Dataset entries
----------

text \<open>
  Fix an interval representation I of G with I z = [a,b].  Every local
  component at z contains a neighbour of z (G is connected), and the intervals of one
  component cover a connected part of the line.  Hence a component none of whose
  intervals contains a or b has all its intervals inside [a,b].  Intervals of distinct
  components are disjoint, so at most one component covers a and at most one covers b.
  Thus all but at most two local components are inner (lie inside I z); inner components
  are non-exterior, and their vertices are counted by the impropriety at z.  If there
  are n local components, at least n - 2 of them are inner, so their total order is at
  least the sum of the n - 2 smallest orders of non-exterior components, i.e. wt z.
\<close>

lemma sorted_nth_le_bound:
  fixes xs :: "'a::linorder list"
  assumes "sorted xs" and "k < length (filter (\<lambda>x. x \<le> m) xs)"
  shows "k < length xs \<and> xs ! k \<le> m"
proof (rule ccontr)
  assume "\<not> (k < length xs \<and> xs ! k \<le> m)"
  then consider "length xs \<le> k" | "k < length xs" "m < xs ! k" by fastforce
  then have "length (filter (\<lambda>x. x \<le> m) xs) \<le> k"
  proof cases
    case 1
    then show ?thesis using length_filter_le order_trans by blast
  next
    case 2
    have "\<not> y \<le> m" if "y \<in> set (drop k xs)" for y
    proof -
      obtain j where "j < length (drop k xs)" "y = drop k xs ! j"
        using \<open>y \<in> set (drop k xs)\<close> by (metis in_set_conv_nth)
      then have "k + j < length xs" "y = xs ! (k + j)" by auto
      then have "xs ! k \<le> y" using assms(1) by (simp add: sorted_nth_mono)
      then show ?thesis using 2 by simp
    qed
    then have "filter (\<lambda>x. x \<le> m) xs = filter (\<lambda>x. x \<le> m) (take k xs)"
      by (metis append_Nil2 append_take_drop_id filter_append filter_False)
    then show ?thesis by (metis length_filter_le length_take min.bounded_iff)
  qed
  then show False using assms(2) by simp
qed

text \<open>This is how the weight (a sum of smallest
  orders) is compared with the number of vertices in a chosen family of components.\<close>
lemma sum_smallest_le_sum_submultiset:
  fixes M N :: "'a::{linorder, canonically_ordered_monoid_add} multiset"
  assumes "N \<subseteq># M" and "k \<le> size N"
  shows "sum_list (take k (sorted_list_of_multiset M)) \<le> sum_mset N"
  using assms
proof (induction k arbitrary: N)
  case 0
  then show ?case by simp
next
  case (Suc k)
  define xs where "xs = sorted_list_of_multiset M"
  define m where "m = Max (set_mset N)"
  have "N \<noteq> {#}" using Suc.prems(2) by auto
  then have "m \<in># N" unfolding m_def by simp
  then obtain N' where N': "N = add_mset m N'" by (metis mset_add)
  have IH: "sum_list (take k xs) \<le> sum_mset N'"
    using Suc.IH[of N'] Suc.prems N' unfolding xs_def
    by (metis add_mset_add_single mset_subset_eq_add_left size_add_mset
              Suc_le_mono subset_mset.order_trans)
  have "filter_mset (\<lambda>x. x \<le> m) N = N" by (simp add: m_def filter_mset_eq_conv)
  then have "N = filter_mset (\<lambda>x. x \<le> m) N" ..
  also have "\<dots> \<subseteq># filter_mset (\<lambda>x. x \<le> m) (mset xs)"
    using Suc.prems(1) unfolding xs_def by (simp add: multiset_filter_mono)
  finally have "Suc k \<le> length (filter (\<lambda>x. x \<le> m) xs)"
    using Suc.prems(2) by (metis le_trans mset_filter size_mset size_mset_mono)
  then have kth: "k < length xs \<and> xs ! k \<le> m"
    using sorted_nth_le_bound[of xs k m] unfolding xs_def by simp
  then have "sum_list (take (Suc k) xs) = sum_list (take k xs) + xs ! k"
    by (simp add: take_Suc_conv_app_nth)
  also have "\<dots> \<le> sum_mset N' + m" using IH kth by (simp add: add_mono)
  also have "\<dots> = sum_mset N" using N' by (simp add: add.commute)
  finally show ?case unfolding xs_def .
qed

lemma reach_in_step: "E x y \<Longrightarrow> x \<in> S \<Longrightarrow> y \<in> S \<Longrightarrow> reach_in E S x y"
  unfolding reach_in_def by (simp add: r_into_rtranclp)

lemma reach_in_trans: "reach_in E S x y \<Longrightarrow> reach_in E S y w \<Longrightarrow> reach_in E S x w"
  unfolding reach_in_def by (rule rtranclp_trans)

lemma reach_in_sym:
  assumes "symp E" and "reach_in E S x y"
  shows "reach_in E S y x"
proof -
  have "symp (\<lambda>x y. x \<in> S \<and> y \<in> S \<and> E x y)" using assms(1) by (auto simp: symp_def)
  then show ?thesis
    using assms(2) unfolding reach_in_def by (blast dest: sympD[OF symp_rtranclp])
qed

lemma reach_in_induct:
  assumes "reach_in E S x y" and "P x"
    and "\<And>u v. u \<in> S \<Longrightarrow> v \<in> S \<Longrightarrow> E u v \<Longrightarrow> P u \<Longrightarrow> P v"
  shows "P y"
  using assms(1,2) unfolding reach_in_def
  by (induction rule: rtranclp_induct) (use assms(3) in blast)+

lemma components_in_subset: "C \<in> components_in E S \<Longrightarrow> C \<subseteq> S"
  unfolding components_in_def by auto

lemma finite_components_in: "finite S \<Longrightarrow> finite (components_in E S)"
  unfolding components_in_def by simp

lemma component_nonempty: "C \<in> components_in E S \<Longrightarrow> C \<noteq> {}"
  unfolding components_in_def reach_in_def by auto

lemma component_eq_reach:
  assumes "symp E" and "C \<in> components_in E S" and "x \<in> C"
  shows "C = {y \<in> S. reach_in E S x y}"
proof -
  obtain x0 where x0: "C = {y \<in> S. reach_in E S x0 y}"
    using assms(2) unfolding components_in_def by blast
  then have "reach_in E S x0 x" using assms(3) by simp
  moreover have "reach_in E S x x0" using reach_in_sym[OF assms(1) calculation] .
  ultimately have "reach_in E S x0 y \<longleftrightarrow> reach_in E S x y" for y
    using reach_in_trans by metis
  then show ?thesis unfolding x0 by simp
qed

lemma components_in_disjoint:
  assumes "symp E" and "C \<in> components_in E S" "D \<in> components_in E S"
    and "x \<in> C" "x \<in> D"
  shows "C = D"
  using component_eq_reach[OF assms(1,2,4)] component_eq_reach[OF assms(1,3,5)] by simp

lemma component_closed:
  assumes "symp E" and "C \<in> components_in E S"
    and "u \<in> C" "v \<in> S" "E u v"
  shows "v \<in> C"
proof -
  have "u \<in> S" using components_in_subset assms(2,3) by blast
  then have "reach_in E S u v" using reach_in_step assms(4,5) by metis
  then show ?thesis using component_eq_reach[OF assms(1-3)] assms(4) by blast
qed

----------

Work required: Nothing should appear in the answer except the lines above from the line with "then show ?case by simp" through the line with "add: m_def filter_mset_eq_conv)", both included, written out exactly.

Problem solution:
  then show ?case by simp
next
  case (Suc k)
  define xs where "xs = sorted_list_of_multiset M"
  define m where "m = Max (set_mset N)"
  have "N \<noteq> {#}" using Suc.prems(2) by auto
  then have "m \<in># N" unfolding m_def by simp
  then obtain N' where N': "N = add_mset m N'" by (metis mset_add)
  have IH: "sum_list (take k xs) \<le> sum_mset N'"
    using Suc.IH[of N'] Suc.prems N' unfolding xs_def
    by (metis add_mset_add_single mset_subset_eq_add_left size_add_mset
              Suc_le_mono subset_mset.order_trans)
  have "filter_mset (\<lambda>x. x \<le> m) N = N" by (simp add: m_def filter_mset_eq_conv)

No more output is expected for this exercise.